Dengan demikian jelaslah bahwa metode pendidikan yang harus dipergunakan oleh para pendidik adalah yang berprinsip pada child centered yang lebih mementingkan anak didik daripada pendidik sendiri. Adapun beberapa metode pendidikan Islam menurut Al-Ghazali adalah sebagai berikut:
a.       Metode Keteladanan
Metode ini lebih dikhususkan bagi pengajaran agama untuk anak-anak. Pembinaan budi pekerti sangatlah diutamakan, hal ini mendapatkan perhatian khusus dari Al-Ghazali, karena pada perinsipnya pendidikan adalah sebagai kerja yang memerlukan hubungan yang erat antara dua pribadi, yaitu Guru dan Murid. Oleh karena itu factor keteladanan menjadi bagian yang utama dan sangat penting di dalam metode pembelajaran.
Di dalam kitab Ayyuha al-Walad al-Ghazali banyak memberikan nasihat-nasihat pendidikan lebih ditekankan pada masalah praktek dalam pembelajaran atau yang sering disebut dengan metode keteladanan. Diantara yang beliau katakana adalah bahwa, “Duhai anakku! Apa yang kaliyan katakana dan kerjakan harus sesuai dengan sara’, sebab ilmu dan amal kalau tidak sesuai syariat adalah sasar (dhalalah). Bahkan lebih lanjut beliau mensyaratkan orang yang menjadi Da’i harus terlebih dahulu mengamalkannya, karena akan menjadi tauladan bagi masyarakat secara luas.
b.      Metode Pembiasaan
Al-Ghazali juga menekankan Metode Pebiasaan. Dalam hal ini menurut beliau pendidikan akhlak hendaknya didasarkan atas mujahadah (ketekunan) dan latihan jiwa. Beliau berkata “barang siapa yang ingin menjadikan dirinya bermurah hati, maka caranya adalah membebani dirinya dengan perbuatan yang bersifat dermawan yaitu mendermawankan hartanya. Maka jiwa tersebut akan selalu cenderung berbuat baik dan ia terus menerus melakukan mujahadah (menekuni) perbuatan itu, sehingga hal itu akan menjadi watak.
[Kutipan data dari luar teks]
lemma epigraph_vertex_not_in_rel_interior:
  fixes K :: "'a::euclidean_space \<Rightarrow> ereal"
  assumes "K z = ereal k"
  shows "(z, k) \<notin> rel_interior {(x, r::real). K x \<le> ereal r}"
proof
  define S where "S = {(x, r::real). K x \<le> ereal r}"
  assume "(z, k) \<in> rel_interior {(x, r::real). K x \<le> ereal r}"
  then obtain e where e: "e > 0" "ball (z, k) e \<inter> affine hull S \<subseteq> S"
    unfolding mem_rel_interior_ball S_def by blast
  have "(z, k) \<in> S" "(z, k + 1) \<in> S" using assms by (simp_all add: S_def)
  then have "(1 + e/2) *\<^sub>R (z, k) + (- e/2) *\<^sub>R (z, k + 1) \<in> affine hull S"
    by (intro mem_affine[OF affine_affine_hull]) (auto intro: hull_inc)
  moreover have "(1 + e/2) *\<^sub>R (z, k) + (- e/2) *\<^sub>R (z, k + 1) = (z, k - e/2)"
    by (simp add: algebra_simps)
  moreover have "(z, k - e/2) \<in> ball (z, k) e" using e(1) by (simp add: dist_Pair_Pair dist_real_def)
  ultimately have "(z, k - e/2) \<in> S" using e(2) by auto
  then show False using assms e(1) by (simp add: S_def)
qed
c.       Metode Pergaulan yang Baik.
Menurut Al-Ghazali  Metode Pergaulan Yang Baik adalah dengan menyaksikan Orang-orang yang memiliki perbuatan-perbuatan yang bagus dan bergaul dengan mereka. Karena tabiat manusia itu mencuru dari tabiat yang baik dan yang buruk. Menurut metode ini seorang dapat memperbaiki  dirinya dengan menyaksikan dan bergaul dengan Orang-orang yang baik akhlaknya kemudian diterapkan pada diri sendiri. 
Orang yang masuk pada sebuah kmunitas baik itu sengaja ataupun tidak sengaja akan memberikan pengaruh terhadap orang tersebut. Oleh karenanya Pendidik harus selalu mengawasi dan menjaga anak didik serta menciptakan lingkungan dengan aktivitas yang baik bagi anak didik mereka sehingga anak didik terbiasa dengan pergaulan yang baik agar anak didik mempunyai Akhlak yang baik.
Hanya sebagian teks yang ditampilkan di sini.